Determine the number of lines in the data below that contain the string "show", and respond with that number alone.

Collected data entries
################

section \<open>Bump functions\<close>

definition bump :: "real \<Rightarrow> real \<Rightarrow> real \<Rightarrow> real" where
  "bump a b y = exp_step (y - a) * exp_step (b - y)"

lemma bump_nonneg: "bump a b y \<ge> 0"
  by (simp add: bump_def exp_step_def)

lemma bump_pos: "a < y \<Longrightarrow> y < b \<Longrightarrow> bump a b y > 0"
  by (simp add: bump_def exp_step_def)

lemma bump_eq_0: "y \<le> a \<or> b \<le> y \<Longrightarrow> bump a b y = 0"
  by (auto simp: bump_def exp_step_def)

lemma continuous_on_bump: "continuous_on S (bump a b)"
proof -
  have "isCont exp_step t" for t
    by (rule smooth1_imp_isCont[OF smooth1_exp_step])
  then have "isCont (\<lambda>y. exp_step (y - a)) y" "isCont (\<lambda>y. exp_step (b - y)) y" for y
    by (auto intro: isCont_o2[where g = exp_step])
  then have "isCont (bump a b) y" for y
    unfolding bump_def by (intro continuous_mult)
  then show ?thesis
    by (simp add: continuous_at_imp_continuous_on)
qed

lemma Ck2_bump_snd: "Ck2 k (\<lambda>p. bump a b (snd p))"
proof -
  have "Ck2 k (\<lambda>p. exp_step (snd p - a))"
    using Ck2_smooth1_comp_affine[OF smooth1_exp_step, of k 0 1 "- a"] by simp
  moreover have "Ck2 k (\<lambda>p. exp_step (b - snd p))"
    using Ck2_smooth1_comp_affine[OF smooth1_exp_step, of k 0 "- 1" b] by simp
  ultimately show ?thesis
    unfolding bump_def by (rule Ck2_mult)
qed

lemma closure_support_bump_snd:
  "closure {p. f p * bump a b (snd p) \<noteq> 0} \<subseteq> {p. a \<le> snd p \<and> snd p \<le> b}"
proof (rule closure_minimal)
  show "{p. f p * bump a b (snd p) \<noteq> 0} \<subseteq> {p. a \<le> snd p \<and> snd p \<le> b}"
  proof safe
    fix p assume "f p * bump a b (snd p) \<noteq> 0"
    then have "\<not> (snd p \<le> a \<or> b \<le> snd p)"
      using bump_eq_0 by (metis mult_zero_right)
    then show "a \<le> snd p" "snd p \<le> b"
      by auto
  qed
  show "closed {p :: 'a \<times> real. a \<le> snd p \<and> snd p \<le> b}"
    by (intro closed_Collect_conj closed_Collect_le continuous_on_const continuous_on_snd continuous_on_id)
qed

################

- **ANSWER TO THE EXERCISE**: 5